The Australian share market managed to close in positive territory – with many of the big miners finishing higher. Today also saw the RBA leave rates on hold. More on that shortly, but first to the markets and...
The S&P/ASX200 Index lifted 13 points to close at 4,900. On the futures market, the SPI is up 16 points.
In economic news: Sales on new cars fell in March – down almost 1 per cent from the same time last year.
Australia has produced a trade deficit of 205 million dollars. That’s below market forecasts of a 950 million surplus and well below January’s read of 1.4 billion dollars.
The Reserve Bank of Australia today decided to leave the official cash rate on hold at 4.75 per cent.
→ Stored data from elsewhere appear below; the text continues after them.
text \<open>Both sides are the coefficient of \<partial>x^c1 x^a2 \<partial>x^c2 applied to x^i: on the left after
  normal ordering as in wmon_mult, on the right by direct computation.\<close>

lemma falling_fact_compose:
  "(\<Sum>k\<le>min c1 a2. (c1 choose k) * falling_fact a2 k * falling_fact i (c1 + c2 - k))
     = falling_fact i c2 * falling_fact (i - c2 + a2) c1"
proof -
  have "(\<Sum>k\<le>min c1 a2. (c1 choose k) * falling_fact a2 k * falling_fact i (c1 + c2 - k))
      = (\<Sum>k\<le>c1. (c1 choose k) * falling_fact a2 k * falling_fact i (c1 + c2 - k))"
    by (rule sum.mono_neutral_left) auto
  also have "\<dots> = (\<Sum>k\<le>c1. falling_fact i c2 *
      ((c1 choose k) * falling_fact a2 k * falling_fact (i - c2) (c1 - k)))"
  proof (rule sum.cong [OF refl])
    fix k assume "k \<in> {..c1}"
    then have "c1 + c2 - k = c2 + (c1 - k)"
      by auto
    then show "(c1 choose k) * falling_fact a2 k * falling_fact i (c1 + c2 - k)
        = falling_fact i c2 * ((c1 choose k) * falling_fact a2 k * falling_fact (i - c2) (c1 - k))"
      by (simp add: falling_fact_add)
  qed
  also have "\<dots> = falling_fact i c2 * falling_fact (a2 + (i - c2)) c1"
    by (simp add: sum_distrib_left [symmetric] falling_fact_vandermonde)
  finally show ?thesis
    by (simp add: add.commute)
qed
The Bank says the higher exchange rate, the earlier decline in wages growth, and strong competition in some key markets are helping to keep inflation at levels consistent with the medium term objective of monetary policy. Price rises for some agricultural produce – which will boost the March quarter CPI – are expected to fall back later in the year.
Turning to company news: The proposed tie-up between the Singapore Exchange and the Australian Securities Exchange (ASX:ASX) took a serious hit today...an ASX release indicating the Singapore Exchange had been notified by the Foreign Investment Review Board that the Treasurer “is disposed to the view that the merger should be rejected as contrary to the national interest. Mr Swan emphasised that his decision was preliminary and he was still open to further representation on the matter from the Singapore Exchange. The ASX says it will continue to evaluate strategic growth opportunities – including further dialogue with the Singapore Exchange. Shares in the ASX shed 3.3 per cent to close at $33.70.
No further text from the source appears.